** Opening The input block **
lemma superset_sum_face_eq_0:
  assumes x: "x \<in> AC_kernel n C" and "T \<in> C"
  shows "(\<Sum>Q\<in>Pow {..<n}. if T \<subseteq> Q then x (indicator Q) else 0) = 0"
proof -
  obtain F where F: "F \<in> facets C" "T \<subseteq> F"
    using \<open>T \<in> C\<close> by (rule face_subset_facet)
  have "F \<subseteq> {..<n}"
    using F(1) complex unfolding facets_def simplicial_complex_def by blast
  then have "finite F"
    by (rule finite_subset) simp
  have row_eq_0: "(\<Sum>Q\<in>{Q \<in> Pow {..<n}. Q \<inter> F = R}. x (indicator Q)) = 0" if "R \<subseteq> F" for R
  proof -
    have "(F, indicator R) \<in> AC_rows C"
      using F(1) that unfolding AC_rows_def binvecs_eq_indicator_image by blast
    then have "(\<Sum>k\<in>AC_cols n. AC (F, indicator R) k * x k) = 0"
      using x unfolding AC_kernel_def by blast
    then show ?thesis
      by (simp only: AC_row_sum)
  qed
  txt \<open>The supersets of \<open>T\<close> are grouped by their trace on \<open>F\<close>; each group is a row of \<open>A_C\<close>.\<close>
  have fibre: "{Q \<in> {Q \<in> Pow {..<n}. T \<subseteq> Q}. Q \<inter> F = R}
      = (if T \<subseteq> R then {Q \<in> Pow {..<n}. Q \<inter> F = R} else {})" for R
    using F(2) by auto
  have "(\<Sum>Q\<in>Pow {..<n}. if T \<subseteq> Q then x (indicator Q) else 0)
      = (\<Sum>Q\<in>{Q \<in> Pow {..<n}. T \<subseteq> Q}. x (indicator Q))"
    by (rule sum.inter_filter[symmetric]) simp
  also have "\<dots> = (\<Sum>R\<in>Pow F. \<Sum>Q\<in>{Q \<in> {Q \<in> Pow {..<n}. T \<subseteq> Q}. Q \<inter> F = R}. x (indicator Q))"
    using \<open>finite F\<close> by (intro sum.group[symmetric]) auto
  also have "\<dots> = 0"
  proof (rule sum.neutral, rule ballI)
    fix R assume "R \<in> Pow F"
    then show "(\<Sum>Q\<in>{Q \<in> {Q \<in> Pow {..<n}. T \<subseteq> Q}. Q \<inter> F = R}. x (indicator Q)) = 0"
      unfolding fibre using row_eq_0 by simp
  qed
  finally show ?thesis .
qed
** Closing The input block **
▶ Action item: Compute the number of lines above that contain the string "using". Reply with that value only.

▶ Response for this exercise: 7